My wife has 32 TM2 XLT boots for split boarding. She develops these blisters on the inside of both heels on the inside near her Achilles. She doesn't feel her heel moving at all, and the outside and back of her heels are fine, which is where you would expect blisters to form if her heel was slipping. I think the friction is simply being produced from her ankle flexing slightly during touring? Any ideas on how to prevent this? Anyone have issues like this before and figured out how to stop it from happening? Also she rides 32 TM2 double boas on her solid board with no issues, so the problem occurs only during touring. Her boots are sized properly and they have been heat molded.

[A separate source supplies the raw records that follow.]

(* Let $A\in\mathbb{R}^{n^2\times n^2}$ be PS-symmetric and define $\tilde A\in\mathbb{R}^{n^2\times n^2}$ by $\tilde A(i_2+(j_2-1)n,\,i_1+(j_1-1)n)=A(i_1+(i_2-1)n,\,j_1+(j_2-1)n)$ for $1\le i_1,i_2,j_1,j_2\le n$. Then $\tilde A$ is PS-symmetric. Consequently there exist real scalars $\lambda^{(\mathrm{sym})}_1,\dots,\lambda^{(\mathrm{sym})}_{n(n+1)/2}$, $\lambda^{(\mathrm{skew})}_1,\dots,\lambda^{(\mathrm{skew})}_{n(n-1)/2}$, symmetric matrices $B^{(\mathrm{sym})}_i\in\mathbb{R}^{n\times n}$ and skew-symmetric matrices $B^{(\mathrm{skew})}_i\in\mathbb{R}^{n\times n}$, whose vecs together form an orthonormal basis of $\mathbb{R}^{n^2}$, such that $$A=\sum_{i=1}^{n(n+1)/2}\lambda^{(\mathrm{sym})}_i\,B^{(\mathrm{sym})}_i\otimes B^{(\mathrm{sym})}_i+\sum_{i=1}^{n(n-1)/2}\lambda^{(\mathrm{skew})}_i\,B^{(\mathrm{skew})}_i\otimes B^{(\mathrm{skew})}_i.$$
   Context: $\Pi_{nn}=I_{n^2}(:,p)$ with $p=[1{:}n{:}n^2,\;2{:}n{:}n^2,\;\dots,\;n{:}n{:}n^2]$ (MATLAB colon notation), equivalently $\Pi_{nn}(e_i\otimes e_j)=e_j\otimes e_i$ for the standard basis $e_1,\dots,e_n$ of $\mathbb{R}^n$. A matrix $M\in\mathbb{R}^{n^2\times n^2}$ is PS-symmetric if $M=M^T$ and $M=\Pi_{nn}M\Pi_{nn}$. $\otimes$ is the Kronecker product and $\mathrm{vec}$ stacks columns. *)

theory Defs
  imports "Jordan_Normal_Form.Matrix"
begin

text \<open>All indices are 0-based.  An index of R^(n^2) is written as a + b*n with a,b < n.\<close>

text \<open>The perfect-shuffle permutation Pi_nn: Pi (e_i tensor e_j) = e_j tensor e_i,
  where e_i tensor e_j is the standard basis vector with index i*n + j.\<close>
definition PS_perm :: "nat \<Rightarrow> real mat" where
  "PS_perm n = mat (n^2) (n^2) (\<lambda>(r, c). if r = (c mod n) * n + c div n then 1 else 0)"

definition PS_symmetric :: "nat \<Rightarrow> real mat \<Rightarrow> bool" where
  "PS_symmetric n M \<longleftrightarrow> M \<in> carrier_mat (n^2) (n^2) \<and> M = M\<^sup>T \<and> M = PS_perm n * M * PS_perm n"

definition kron :: "real mat \<Rightarrow> real mat \<Rightarrow> real mat" where
  "kron B C = mat (dim_row B * dim_row C) (dim_col B * dim_col C)
     (\<lambda>(i, j). B $$ (i div dim_row C, j div dim_col C) * C $$ (i mod dim_row C, j mod dim_col C))"

definition vec_of_mat :: "real mat \<Rightarrow> real vec" where
  "vec_of_mat B = vec (dim_row B * dim_col B) (\<lambda>k. B $$ (k mod dim_row B, k div dim_row B))"

definition tilde :: "nat \<Rightarrow> real mat \<Rightarrow> real mat" where
  "tilde n A = mat (n^2) (n^2)
     (\<lambda>(r, c). A $$ (c mod n + (r mod n) * n, c div n + (r div n) * n))"

definition orthonormal_basis_family :: "nat \<Rightarrow> (nat \<Rightarrow> real vec) \<Rightarrow> bool" where
  "orthonormal_basis_family N V \<longleftrightarrow>
     (\<forall>k<N. V k \<in> carrier_vec N) \<and>
     (\<forall>k<N. \<forall>l<N. V k \<bullet> V l = (if k = l then 1 else 0)) \<and>
     (\<forall>v \<in> carrier_vec N. \<exists>c :: nat \<Rightarrow> real. \<forall>r<N. v $ r = (\<Sum>k<N. c k * V k $ r))"

end

theory Submission
  imports Defs "HOL-Analysis.Function_Topology"
begin
(* For any connected component $\gamma$ of $V_{reg,\Delta}$, the elements $A_\gamma(\sigma)=[C(\sigma)'_\gamma]$, $\sigma\in{\cal B}(\Delta)$, satisfy the relations $$A_\gamma(\sigma)=\sum_{\beta\in\sigma,\ c_{\alpha\beta}\ne0}\operatorname{sign}(c_{\alpha\beta})\,A_\gamma(\sigma\cup\{\alpha\}\setminus\{\beta\})$$ in the quotient group ${\cal C}_\Delta/{\cal LC}_\Delta$. Here $\sigma\in{\cal B}(\Delta)$ and $\alpha\in\Delta\setminus\sigma$ are arbitrary, and $\alpha=\sum_{\beta\in\sigma}c_{\alpha\beta}\beta$.
   Context: Let $V$ be a real vector space of dimension $r$, and $\Delta\subset V\setminus\{0\}$ finite, spanning $V$, with $\Delta=-\Delta$. ${\cal B}(\Delta)$ is the set of subsets of $\Delta$ forming a basis of $V$. Walls are hyperplanes spanned by $r-1$ linearly independent elements of $\Delta$, and $V_{reg,\Delta}$ is the complement of their union. For $A\subset V$, $[A]$ is its characteristic function. A polyhedral cone is $C(h_1,\dots,h_n)=\{\sum t_ih_i:t_i\ge0\}$; $C(\emptyset)=\{0\}$, and $C^0$ denotes the relative interior of $C$. ${\cal C}(V)$ is the additive group of $\mathbb Z$-valued functions on $V$ generated by characteristic functions of polyhedral cones. ${\cal C}_\Delta$ is its subgroup generated by the $[C(\kappa)]$ with $\kappa\subset\Delta$, and ${\cal LC}_\Delta$ is the subgroup generated by those $[C(\kappa)]$, $\kappa\subset\Delta$, for which $C(\kappa)$ contains a line. For $\sigma\in{\cal B}(\Delta)$ and $p=\sum_{\alpha\in\sigma}p_\alpha\alpha\in V_{reg,\Delta}$ (so all $p_\alpha\ne0$), set $$C(\sigma)'_p=C(\{\alpha\in\sigma:p_\alpha>0\})+C(\{\alpha\in\sigma:p_\alpha<0\})^0=\Big\{\sum_{\alpha\in\sigma}t_\alpha\alpha:\ t_\alpha\ge0\text{ if }p_\alpha>0,\ t_\alpha>0\text{ if }p_\alpha<0\Big\}.$$ This depends only on the connected component $\gamma$ of $V_{reg,\Delta}$ containing $p$, and is denoted $C(\sigma)'_\gamma$; its characteristic function lies in ${\cal C}_\Delta$. *)

theory Defs
  imports "HOL-Analysis.Analysis"
begin

text \<open>V is modelled by a Euclidean space type 'a, r = DIM('a).\<close>

definition bases :: "'a::euclidean_space set \<Rightarrow> 'a set set" where
  "bases \<Delta> = {\<sigma>. \<sigma> \<subseteq> \<Delta> \<and> independent \<sigma> \<and> span \<sigma> = UNIV}"

definition walls :: "'a::euclidean_space set \<Rightarrow> 'a set set" where
  "walls \<Delta> = {span S | S. S \<subseteq> \<Delta> \<and> independent S \<and> card S = DIM('a) - 1}"

definition Vreg :: "'a::euclidean_space set \<Rightarrow> 'a set" where
  "Vreg \<Delta> = UNIV - \<Union>(walls \<Delta>)"

definition pcone :: "'a::real_vector set \<Rightarrow> 'a set" where
  "pcone \<kappa> = {(\<Sum>x\<in>\<kappa>. t x *\<^sub>R x) | t. \<forall>x\<in>\<kappa>. t x \<ge> 0}"

definition contains_line :: "'a::real_vector set \<Rightarrow> bool" where
  "contains_line C \<longleftrightarrow> (\<exists>x v. v \<noteq> 0 \<and> (\<forall>t::real. x + t *\<^sub>R v \<in> C))"

definition cone_p :: "'a::euclidean_space set \<Rightarrow> 'a \<Rightarrow> 'a set" where
  "cone_p \<sigma> p = {(\<Sum>a\<in>\<sigma>. t a *\<^sub>R a) | t.
      \<forall>a\<in>\<sigma>. (representation \<sigma> p a > 0 \<longrightarrow> t a \<ge> 0) \<and>
              (representation \<sigma> p a < 0 \<longrightarrow> t a > 0)}"

definition cone_gamma :: "'a::euclidean_space set \<Rightarrow> 'a set \<Rightarrow> 'a set" where
  "cone_gamma \<sigma> \<gamma> = cone_p \<sigma> (SOME p. p \<in> \<gamma>)"

definition A_gamma :: "'a::euclidean_space set \<Rightarrow> 'a set \<Rightarrow> 'a \<Rightarrow> int" where
  "A_gamma \<gamma> \<sigma> = indicator (cone_gamma \<sigma> \<gamma>)"

definition LC :: "'a::euclidean_space set \<Rightarrow> ('a \<Rightarrow> int) set" where
  "LC \<Delta> = {(\<lambda>v. \<Sum>\<kappa>\<in>{\<kappa>. \<kappa> \<subseteq> \<Delta> \<and> contains_line (pcone \<kappa>)}.
                    n \<kappa> * indicator (pcone \<kappa>) v) | n. True}"

definition sign_int :: "real \<Rightarrow> int" where
  "sign_int c = (if c > 0 then 1 else if c < 0 then -1 else 0)"

end

theory Submission
  imports Defs "HOL-Library.List_Lexorder"
begin

(* Fix a generic point p of \<gamma>, write \<alpha> = \<Sum> c\<^sub>\<beta> \<beta> and let \<lambda> be the coefficients of the
   linear dependence \<Sum> \<lambda>\<^sub>x x = 0 on \<tau> = \<sigma> \<union> {\<alpha>}, normalised by \<lambda>\<^sub>\<alpha> = -1.  For \<lambda>\<^sub>y \<noteq> 0 the
   coordinates of v in the basis \<tau> - {y} are t - (t\<^sub>y / \<lambda>\<^sub>y) \<lambda>, t being its \<sigma>-coordinates.
   So v lies in C(\<tau> - {y})'_p iff v obeys the sign conditions of C(\<sigma>)'_p on the coordinates
   with c\<^sub>\<beta> = 0, and y splits the support of \<lambda> with respect to the lexicographic key
   (t\<^sub>x / \<lambda>\<^sub>x, p\<^sub>x / \<lambda>\<^sub>x): the x with \<lambda>\<^sub>x > 0 above y, those with \<lambda>\<^sub>x < 0 below.  Counting the
   split points shows that the signed sum of the theorem is the indicator of those sign
   conditions when all c\<^sub>\<beta> \<le> 0, and 0 otherwise.  In the first case -\<alpha> is a positive
   combination of the \<beta> with c\<^sub>\<beta> \<noteq> 0, and inclusion-exclusion on the strict inequalities
   turns the indicator into a signed sum of cones generated by \<alpha>, these \<beta> and further
   basis vectors; each of them contains the line through \<alpha>. *)

section \<open>Sign bookkeeping\<close>

lemma prod_of_bool:
  "finite A \<Longrightarrow> (\<Prod>x\<in>A. of_bool (P x)) = (of_bool (\<forall>x\<in>A. P x) :: 'b::comm_semiring_1)"
  by (induction A rule: finite_induct) auto

lemma of_bool_positive_inclusion_exclusion:
  fixes t :: "'x \<Rightarrow> real"
  assumes "finite R" "N \<subseteq> R"
  shows "of_bool ((\<forall>x\<in>R. 0 \<le> t x) \<and> (\<forall>x\<in>N. 0 < t x))
       = (\<Sum>T\<in>Pow N. (-1) ^ card T * of_bool ((\<forall>x\<in>R - T. 0 \<le> t x) \<and> (\<forall>x\<in>T. t x = 0)) :: int)"
proof -
  let ?nn = "\<lambda>x. of_bool (0 \<le> t x) :: int" and ?z = "\<lambda>x. of_bool (t x = 0) :: int"
  have fin: "finite N" "finite (R - N)"
    using assms finite_subset by auto
  have prod_split: "(\<Prod>x\<in>R - T. ?nn x) = (\<Prod>x\<in>R - N. ?nn x) * (\<Prod>x\<in>N - T. ?nn x)" if "T \<subseteq> N" for T
  proof -
    have "(\<Prod>x\<in>R - N. ?nn x) * (\<Prod>x\<in>N - T. ?nn x) = (\<Prod>x\<in>(R - N) \<union> (N - T). ?nn x)"
      using fin by (intro prod.union_disjoint[symmetric]) auto
    also have "(R - N) \<union> (N - T) = R - T"
      using that assms(2) by auto
    finally show ?thesis ..
  qed
  have "(\<forall>x\<in>R. 0 \<le> t x) \<and> (\<forall>x\<in>N. 0 < t x) \<longleftrightarrow> (\<forall>x\<in>R - N. 0 \<le> t x) \<and> (\<forall>x\<in>N. 0 < t x)"
    using assms(2) by force
  then have "of_bool ((\<forall>x\<in>R. 0 \<le> t x) \<and> (\<forall>x\<in>N. 0 < t x))
      = (\<Prod>x\<in>R - N. ?nn x) * (\<Prod>x\<in>N. of_bool (0 < t x))"
    using fin by (simp add: prod_of_bool)
  \<comment> \<open>Write [t > 0] as [t \<ge> 0] - [t = 0] and expand the product over N.\<close>
  also have "\<dots> = (\<Prod>x\<in>R - N. ?nn x) * (\<Prod>x\<in>N. ?nn x - ?z x)"
    by (intro arg_cong2[where f = "(*)"] prod.cong) auto
  also have "\<dots> = (\<Prod>x\<in>R - N. ?nn x) * (\<Sum>T\<in>Pow N. (-1) ^ card T * (\<Prod>x\<in>T. ?z x) * (\<Prod>x\<in>N - T. ?nn x))"
    using fin by (simp add: prod_diff_conv_sum)
  also have "\<dots> = (\<Sum>T\<in>Pow N. (-1) ^ card T * ((\<Prod>x\<in>T. ?z x) * (\<Prod>x\<in>R - T. ?nn x)))"
    unfolding sum_distrib_left
  proof (intro sum.cong refl)
    fix T assume "T \<in> Pow N"
    then show "(\<Prod>x\<in>R - N. ?nn x) * ((-1) ^ card T * (\<Prod>x\<in>T. ?z x) * (\<Prod>x\<in>N - T. ?nn x))
        = (-1) ^ card T * ((\<Prod>x\<in>T. ?z x) * (\<Prod>x\<in>R - T. ?nn x))"
      using prod_split[of T] by (simp add: mult_ac)
  qed
  also have "\<dots> = (\<Sum>T\<in>Pow N. (-1) ^ card T * of_bool ((\<forall>x\<in>R - T. 0 \<le> t x) \<and> (\<forall>x\<in>T. t x = 0)))"
    using fin assms by (intro sum.cong refl) (auto simp: prod_of_bool finite_subset)
  finally show ?thesis .
qed
lemma covers_omega_comp_iff:
  assumes "n \<ge> 2" and G: "in_Gn TYPE('i) n A"
    and x: "x \<in> hhom A (Cn n)" and y: "y \<in> hhom A (Cn n)"
  shows "covers A (omega_comp n A y) (omega_comp n A x) \<longleftrightarrow>
           {a \<in> carrier A. x a = n - 1} \<subseteq> {a \<in> carrier A. y a = n - 1} \<and>
           card (x ` carrier A) - 1 = card (y ` carrier A)"
proof (cases "{a \<in> carrier A. x a = n - 1} \<subseteq> {a \<in> carrier A. y a = n - 1}")
  case False
  then show ?thesis using dle_omega_comp_iff unfolding covers_def by blast
next
  case True
  note cl = in_Gn_closed_alg[OF G]
  have "omega_comp n A y \<in> Dhom A"
    using uvec_in_Dhom[OF y cl hhom_top_in_range[OF y cl]] \<open>n \<ge> 2\<close>
    by (simp add: omega_comp_eq_uvec_top[OF y])
  with True have "omega_comp n A y \<in> upset A (omega_comp n A x)"
    by (simp add: upset_def dle_omega_comp_iff)
  then obtain i where i: "i \<in> x ` carrier A - {0}" and y_eq: "omega_comp n A y = uvec A x i"
    by (rule upset_omega_comp_eq_uvec[OF G x])
  have top_preimage: "\<forall>c\<in>carrier A. y c = n - 1 \<longleftrightarrow> i \<le> x c"
  proof
    fix c assume c: "c \<in> carrier A"
    have "omega_comp n A y c = uvec A x i c" by (rule fun_cong[OF y_eq])
    then have "(if y c = n - 1 then 1 else 0) = (if i \<le> x c then 1 else (0::nat))"
      using c by (simp add: omega_comp_def omega_def uvec_def)
    then show "y c = n - 1 \<longleftrightarrow> i \<le> x c" by (cases "y c = n - 1"; cases "i \<le> x c") simp_all
  qed
  have range_bound: "\<forall>k\<in>x ` carrier A. k \<le> n - 1" using hhomD(1)[OF x] by fastforce
  then have "x ` carrier A \<subseteq> {..n - 1}" by auto
  then have fin: "finite (x ` carrier A)" by (rule finite_subset) simp
  have "card {k \<in> x ` carrier A. i \<le> k} \<noteq> 0" using fin i by auto
  moreover have "i < n" using i range_bound \<open>n \<ge> 2\<close> by fastforce
  ultimately have "card (x ` carrier A) - 1 = card (y ` carrier A) \<longleftrightarrow>
      card {k \<in> x ` carrier A. i \<le> k} = 2"
    unfolding card_range_split[OF fin, of i]
      card_range_if_top_preimage[OF x y cl top_preimage \<open>i < n\<close>] by arith
  also have "\<dots> \<longleftrightarrow> i \<noteq> n - 1 \<and> \<not> (\<exists>j\<in>x ` carrier A. i < j \<and> j < n - 1)"
    using fin i hhom_top_in_range[OF x cl] range_bound by (intro card_upper_part_eq_2_iff) auto
  also have "\<dots> \<longleftrightarrow> covers A (omega_comp n A y) (omega_comp n A x)"
    using covers_uvec_omega_comp_iff[OF G x i] y_eq by simp
  finally show ?thesis using True by simp
qed
text \<open>Rotations starting with a 1 exceed those starting with a 0, so trading the 1-positions
  of \<open>J\<close> for unused 0-positions only decreases the sum.\<close>
lemma sum_rot_value_ge:
  assumes "set w \<subseteq> {0,1}" "J \<subseteq> {..<length w}" "card J \<le> count_list w 0"
  shows "(2 ^ count_list w 1 - 1) * (2 ^ card J - 1) \<le> (\<Sum>k\<in>J. rot_value w k)"
proof -
  let ?Z = "positions w 0"
  define J0 where "J0 = J \<inter> ?Z"
  define J1 where "J1 = J - ?Z"
  have fin: "finite J0" "finite J1"
    using assms(2) finite_subset unfolding J0_def J1_def by blast+
  have J_split: "J = J0 \<union> J1" "J0 \<inter> J1 = {}"
    unfolding J0_def J1_def by auto
  have "card J = card J0 + card J1"
    using fin J_split card_Un_disjoint by metis
  moreover have "card (?Z - J) = card ?Z - card J0"
    by (simp add: card_Diff_subset_Int J0_def Int_commute)
  ultimately have "card J1 \<le> card (?Z - J)"
    using assms(3) by (simp add: card_positions)
  then obtain K where K: "K \<subseteq> ?Z - J" "card K = card J1"
    by (meson obtain_subset_with_card_n)
  have fin_K: "finite K"
    using finite_subset[OF K(1)] by simp
  have "(\<Sum>k\<in>K. rot_value w k) \<le> (\<Sum>k\<in>K. 2 ^ (length w - 1))"
    using K(1) rot_value_less_if_nth_0[OF assms(1)]
    by (intro sum_mono less_imp_le) (auto simp: positions_def)
  also have "\<dots> = (\<Sum>k\<in>J1. 2 ^ (length w - 1))"
    using K(2) by simp
  also have "\<dots> \<le> (\<Sum>k\<in>J1. rot_value w k)"
  proof (rule sum_mono)
    fix k assume "k \<in> J1"
    then have "k < length w" "w ! k \<noteq> 0"
      using assms(2) unfolding J1_def positions_def by auto
    moreover have "w ! k \<in> {0,1}"
      using assms(1) nth_mem[OF \<open>k < length w\<close>] by blast
    ultimately show "2 ^ (length w - 1) \<le> rot_value w k"
      using rot_value_ge_if_nth_1 by auto
  qed
  finally have K_J1: "(\<Sum>k\<in>K. rot_value w k) \<le> (\<Sum>k\<in>J1. rot_value w k)" .
  have disj: "J0 \<inter> K = {}"
    using K(1) unfolding J0_def by auto
  have "(2 ^ count_list w 1 - 1) * (2 ^ card (J0 \<union> K) - 1) \<le> (\<Sum>k\<in>J0 \<union> K. rot_value w k)"
    using K(1) by (intro sum_rot_value_positions_0_ge[OF assms(1)]) (auto simp: J0_def)
  also have "\<dots> \<le> (\<Sum>k\<in>J. rot_value w k)"
    using K_J1 fin fin_K disj J_split by (simp add: sum.union_disjoint)
  finally show ?thesis
    using fin fin_K disj J_split K(2) by (simp add: card_Un_disjoint)
qed

lemma sum_rot_value_plus_sum_rot_value_flip:
  assumes "set w \<subseteq> {0,1}"
  shows "(\<Sum>k\<in>J. rot_value w k) + (\<Sum>k\<in>J. rot_value (flip w) k) + card J = card J * 2 ^ length w"
proof -
  have "(\<Sum>k\<in>J. rot_value w k) + (\<Sum>k\<in>J. rot_value (flip w) k) + card J
      = (\<Sum>k\<in>J. rot_value w k + rot_value (flip w) k + 1)"
    by (simp only: sum.distrib) simp
  also have "\<dots> = card J * 2 ^ length w"
    using rot_value_flip[OF assms] by simp
  finally show ?thesis .
qed

lemma sum_rot_value_le:
  assumes "set w \<subseteq> {0,1}" "J \<subseteq> {..<length w}" "card J \<le> count_list w 1"
  shows "(\<Sum>k\<in>J. rot_value w k) + (2 ^ count_list w 0 - 1) * (2 ^ card J - 1)
    \<le> card J * (2 ^ length w - 1)"
proof -
  have flip01: "set (flip w) \<subseteq> {0,1}"
    by auto
  have "(2 ^ count_list w 0 - 1) * (2 ^ card J - 1) \<le> (\<Sum>k\<in>J. rot_value (flip w) k)"
    using sum_rot_value_ge[OF flip01] assms count_list_flip[OF assms(1)] by simp
  moreover have "(\<Sum>k\<in>J. rot_value w k) + (\<Sum>k\<in>J. rot_value (flip w) k) + card J = card J * 2 ^ length w"
    by (rule sum_rot_value_plus_sum_rot_value_flip[OF assms(1)])
  moreover have "card J * (2 ^ length w - 1) + card J = card J * 2 ^ length w"
    by (simp add: diff_mult_distrib2 le_add_diff_inverse2)
  ultimately show ?thesis
    by linarith
qed

lemma sum_rot_value_plus_sum_rot_value_Diff:
  assumes "J \<subseteq> {..<length w}"
  shows "(\<Sum>k\<in>J. rot_value w k) + (\<Sum>k\<in>{..<length w} - J. rot_value w k) = sum_list w * (2 ^ length w - 1)"
  using sum.subset_diff[OF assms finite_lessThan, of "rot_value w"] sum_rot_value[of w] by simp

section \<open>The extremal word\<close>

lemma sum_pow2_lessThan: "(\<Sum>k<m. (2::nat) ^ k) + 1 = 2 ^ m"
  by (induction m) auto

lemma sum_rot_value_replicate_0_1_lessThan:
  assumes "m \<le> a"
  shows "(\<Sum>k<m. rot_value (replicate a 0 @ replicate p 1) k) = (2 ^ p - 1) * (2 ^ m - 1)"
proof -
  have "(\<Sum>k<m. rot_value (replicate a 0 @ replicate p 1) k) = (\<Sum>k<m. (2 ^ p - 1) * 2 ^ k)"
    using assms by (intro sum.cong refl rot_value_replicate_0_1) auto
  also have "\<dots> = (2 ^ p - 1) * (\<Sum>k<m. 2 ^ k)"
    by (simp add: sum_distrib_left)
  also have "\<dots> = (2 ^ p - 1) * (2 ^ m - 1)"
    using sum_pow2_lessThan[of m] by (metis add_diff_cancel_right')
  finally show ?thesis .
qed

She uses Darn Tough Function 5 snowboard socks - Darn tough Function 5 socks

This is where she is getting the blisters since it's hard to explain where they are forming. This is the inside of her heel.


----------



## toaster (Jun 12, 2021)

As a former Outward Bound instructor I've seen TONS of blister issues from new boots, or boots that don't fit properly. The best solution I've come across is to cover the sensitive area with a patch of moleskin, then add a layer of duct tape over that. If there's an existing blister or open wound, cut the moleskin in the shape of a doughnut, then cover the entire thing with duct tape. The smooth surface on the duct tape reduces friction between the patch, sock and boot.


----------



## wrathfuldeity (Oct 5, 2007)

Perhaps try wearing a very thin hiking nylon liner and then a pair very thin smart wool snowboarding socks....so the rubbing occurs between the sock layers and not the sock and skin.


----------



## mark84 (Mar 10, 2019)

Had the same issue with Burton synthetic socks last season. I switched to smartwool phd socks and don`t get blisters since.


----------



## Etienne (Apr 2, 2021)

I've had blisters in all kind of shoes, snowboard boots and socks… but also didn't have them while touring for hours and hours or running medium/long trail races. So there is a solution, that's the good news.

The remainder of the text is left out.